Sein grosses Interesse an diesem Sport ist denn auch während der Vorbereitungen nicht zu übersehen. Vor der Fahrt schraubt der Fünftklässler am Wagen und kontrolliert, ob alles in Ordnung ist. Für den Vater, Rosario Fagone, sei es bereits von Anfang an wichtig gewesen, dass Alessio technisch informiert und selbstständig ist. «Ich habe grossen Wert darauf gelegt, den Wagen immer gemeinsam mit meinem Sohn einzustellen», sagt er. Das technische Wissen sei ein Vorteil, wodurch sich Alessio, so der Vater, oftmals von seinen Mitbewerbern abhebt.

Umfeld zeigt kein Interesse

Der Vater des Jungtalents war schon immer ein grosser Formel-1-Fan, wodurch auch sein Sohn auf den Geschmack gekommen ist. Auf die Frage, wieso er sich denn für diese, in der Schweiz eher ungewohnte, Sportart interessiert, hat der Fünftklässler keine konkrete Antwort parat. «Weil es mir Spass macht», sagt er schüchtern. Wenn man bedenkt, dass er bereits mit acht Jahren rasante Rennfahrten durchführte, während Gleichaltrige «nur» Velo fahren konnten, müsste dies doch beeindruckend auf sein Umfeld wirken. Doch diese Vermutung verneint Alessio, indem er sagt, dass sich seine Freunde nicht wirklich für dieses Hobby interessieren.

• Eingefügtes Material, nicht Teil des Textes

lemma inner_mod_eq:
  assumes "\<And>j. j < length a \<Longrightarrow> x ! j mod m = y ! j mod m"
  shows "inner a x mod m = inner a y mod m"
proof -
  have "inner a x mod m = (\<Sum>j<length a. a ! j * x ! j mod m) mod m"
    unfolding inner_def by (simp only: mod_sum_eq)
  also have "\<dots> = (\<Sum>j<length a. a ! j * y ! j mod m) mod m"
    using mod_mult_cong[OF refl assms] by simp
  also have "\<dots> = inner a y mod m"
    unfolding inner_def by (simp only: mod_sum_eq)
  finally show ?thesis .
qed

lemma vnorm_le:
  assumes "vnorm a \<le> s" and "j < length a"
  shows "\<bar>a ! j\<bar> \<le> int s"
proof -
  have "nat \<bar>a ! j\<bar> \<le> vnorm a"
    unfolding vnorm_def using assms(2) by (intro Max_ge) auto
  then show ?thesis using assms(1) by simp
qed

lemma cbound_sys_norm:
  assumes "ct \<in> atoms S"
  shows "cbound ct (sys_norm S)"
proof -
  define size where "size ct = (case ct of Eq a c \<Rightarrow> max (vnorm a) (nat \<bar>c\<bar>)
      | Geq a c \<Rightarrow> max (vnorm a) (nat \<bar>c\<bar>) | Dvd a c m \<Rightarrow> 0)" for ct
  have cbound_iff: "cbound ct s \<longleftrightarrow> size ct \<le> s" for ct s
    by (cases ct) (simp_all add: size_def)
  have "\<forall>ct\<in>atoms S. cbound ct (Max (size ` atoms S \<union> {0}))"
    using finite_atoms by (simp add: cbound_iff)
  then have "\<forall>ct\<in>atoms S. cbound ct (sys_norm S)"
    unfolding sys_norm_def by (rule LeastI)
  then show ?thesis using assms by blast
qed

lemma modulus_dvd_sys_lcm: "ct \<in> atoms S \<Longrightarrow> modulus ct dvd sys_lcm S"
  by (simp add: sys_lcm_def)

lemma sys_lcm_pos:
  assumes "linsys d S"
  shows "0 < sys_lcm S"
proof -
  have "modulus ct \<noteq> 0" if "ct \<in> atoms S" for ct
    using assms that unfolding linsys_def by (cases ct) fastforce+
  then have "0 \<notin> modulus ` atoms S" by force
  then have "Lcm (modulus ` atoms S) \<noteq> 0"
    using finite_atoms[of S] by simp
  then show ?thesis by (simp add: sys_lcm_def)
qed

text \<open>The inequalities \<open>\<langle>a, x\<rangle> \<ge> g\<close>, valid at \<open>x0\<close>, that force an equality or inequality
  atom to take the same truth value at \<open>x\<close> as at \<open>x0\<close>; a strict inequality is stated as a
  non-strict one with the constant shifted by one.\<close>
fun sign_ineqs :: "int list \<Rightarrow> constr \<Rightarrow> (int list \<times> int) list" where
  "sign_ineqs x0 (Eq a c) =
     (if inner a x0 = c then [(a, c), (map uminus a, - c)]
      else if c < inner a x0 then [(a, c + 1)] else [(map uminus a, 1 - c)])"
| "sign_ineqs x0 (Geq a c) = (if c \<le> inner a x0 then [(a, c)] else [(map uminus a, 1 - c)])"
| "sign_ineqs x0 (Dvd a c m) = []"

lemma sign_ineqs_hold: "(a, g) \<in> set (sign_ineqs x0 ct) \<Longrightarrow> g \<le> inner a x0"
  by (cases ct) (auto simp: inner_uminus split: if_splits)

lemma csat_eq_if_sign_ineqs:
  assumes "\<And>a g. (a, g) \<in> set (sign_ineqs x0 ct) \<Longrightarrow> g \<le> inner a x" and "\<forall>a c m. ct \<noteq> Dvd a c m"
  shows "csat ct x = csat ct x0"
proof (cases ct)
  case (Eq a c)
  consider "inner a x0 = c" | "c < inner a x0" | "inner a x0 < c" by linarith
  then show ?thesis
  proof cases
    case 1
    then have "c \<le> inner a x" "- c \<le> inner (map uminus a) x"
      using assms(1)[of a c] assms(1)[of "map uminus a" "- c"] Eq by auto
    then show ?thesis using Eq 1 by (simp add: inner_uminus)
  next
    case 2
    then have "c + 1 \<le> inner a x" using assms(1)[of a "c + 1"] Eq by auto
    then show ?thesis using Eq 2 by simp
  next
    case 3
    then have "1 - c \<le> inner (map uminus a) x" using assms(1)[of "map uminus a" "1 - c"] Eq by auto
    then show ?thesis using Eq 3 by (simp add: inner_uminus)
  qed
next
  case (Geq a c)
  show ?thesis
  proof (cases "c \<le> inner a x0")
    case True
    then have "c \<le> inner a x" using assms(1)[of a c] Geq by auto
    then show ?thesis using Geq True by simp
  next
    case False
    then have "1 - c \<le> inner (map uminus a) x" using assms(1)[of "map uminus a" "1 - c"] Geq by auto
    then show ?thesis using Geq False by (simp add: inner_uminus)
  qed
qed (use assms(2) in simp)

lemma sign_ineqs_bound:
  assumes "linsys d S" and "ct \<in> atoms S" and "(a, g) \<in> set (sign_ineqs x0 ct)"
  shows "length a = d \<and> (\<forall>j<d. \<bar>a ! j\<bar> \<le> int (sys_norm S)) \<and> \<bar>g\<bar> \<le> int (sys_norm S) + 1"
proof -
  have "constr_wf d ct" and "cbound ct (sys_norm S)"
    using assms(1,2) cbound_sys_norm by (auto simp: linsys_def)
  then show ?thesis
    using assms(3) vnorm_le by (cases ct) (auto split: if_splits)
qed

lemma holds_eq_if_congruent_and_sign_ineqs:
  assumes "linsys d S"
    and congruent: "\<And>j. j < d \<Longrightarrow> x ! j mod int (sys_lcm S) = x0 ! j mod int (sys_lcm S)"
    and ineqs: "\<And>ct a g. ct \<in> atoms S \<Longrightarrow> (a, g) \<in> set (sign_ineqs x0 ct) \<Longrightarrow> g \<le> inner a x"
  shows "holds S x = holds S x0"
proof (rule holds_cong)
  fix ct assume ct: "ct \<in> atoms S"
  show "csat ct x = csat ct x0"
  proof (cases "\<exists>a c m. ct = Dvd a c m")
    case True
    then obtain a c m where Dvd: "ct = Dvd a c m" by blast
    have "int m dvd int (sys_lcm S)"
      using modulus_dvd_sys_lcm[OF ct] Dvd by simp
    moreover have "constr_wf d ct"
      using assms(1) ct by (simp add: linsys_def)
    then have "length a = d" by (simp add: Dvd)
    ultimately have "inner a x mod int m = inner a x0 mod int m"
      using congruent by (intro inner_mod_eq) (metis mod_mod_cancel)
    then show ?thesis by (simp add: Dvd)
  next
    case False
    then show ?thesis
      using ineqs[OF ct] by (intro csat_eq_if_sign_ineqs) auto
  qed
qed

theorem theorem2:
  fixes d :: nat and S :: lsys
  assumes "linsys d S" and "satisfiable d S"
  shows "\<exists>x. is_solution d S x \<and>
           norm1 x \<le> sys_lcm S * (d + (2 + d + d^2 * sys_norm S) ^ (2*d+1))"
proof -
  obtain x0 where "length x0 = d" and "holds S x0"
    using assms(2) by (auto simp: satisfiable_def is_solution_def)
  define G where "G = (\<Union>ct\<in>atoms S. set (sign_ineqs x0 ct))"
  have "length a = d \<and> (\<forall>j<d. \<bar>a ! j\<bar> \<le> int (sys_norm S)) \<and> \<bar>g\<bar> \<le> int (sys_norm S) + 1
      \<and> g \<le> inner a x0" if "(a, g) \<in> G" for a g
    using that sign_ineqs_bound[OF assms(1)] sign_ineqs_hold unfolding G_def by blast
  then obtain x where "length x = d"
    and "\<forall>j<d. x ! j mod int (sys_lcm S) = x0 ! j mod int (sys_lcm S)"
    and "\<forall>(a, g)\<in>G. g \<le> inner a x"
    and "norm1 x \<le> sys_lcm S * (d + (2 + d + d ^ 2 * sys_norm S) ^ (2 * d + 1))"
    using small_congruent_solution_of_ineqs[OF sys_lcm_pos[OF assms(1)] \<open>length x0 = d\<close>] by blast
  moreover have "holds S x = holds S x0"
    using calculation assms(1) unfolding G_def
    by (intro holds_eq_if_congruent_and_sign_ineqs) auto
  ultimately show ?thesis
    using \<open>holds S x0\<close> by (auto simp: is_solution_def)
qed

end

Seine Eltern sind derselben Meinung. «Die Resonanz ist nicht immer positiv», so die Mutter. «Das Umfeld unterstützt uns grösstenteils nicht, da viele nicht der Meinung sind, dass Alessio gross herauskommt.» Das Ziel des ehrgeizigen Elfjährigen sei nämlich, zu einem späteren Zeitpunkt professioneller Rennfahrer zu werden.

Wenig populäre Sportart

Obwohl die Leidenschaft des jungen Gokart-Fahrers dem Familienbudget momentan eine grössere Last ist, steht die Familie hinter ihrem Sohn und ist stolz auf die Leistung, die er in einem so jungen Alter erbringt. Rosario Fagone erwähnt aber, dass es dieser Sportart in der Schweiz an Anerkennung fehlt. «In anderen Ländern, wie Italien, werden die Piloten durch zahlreiche Sponsoren und verschiedenen Rennbahnen unterstützt», so der Familienvater.

Die Schweizer Gokart-Gemeinschaft sei kaum bekannt und das fehlende Interesse stelle ein beträchtliches Problem dar. Fagone: «Obwohl es sehr viel Zeit braucht, um ein professioneller Rennfahrer zu werden, sollte man schon die Kinder unterstützen.» Wer weiss, vielleicht sitzt der elfjährige Alessio in einigen Jahren schon in seinem Lieblingsrennwagen – einem Ferrari – und zählt zu den Stars der Formel 1.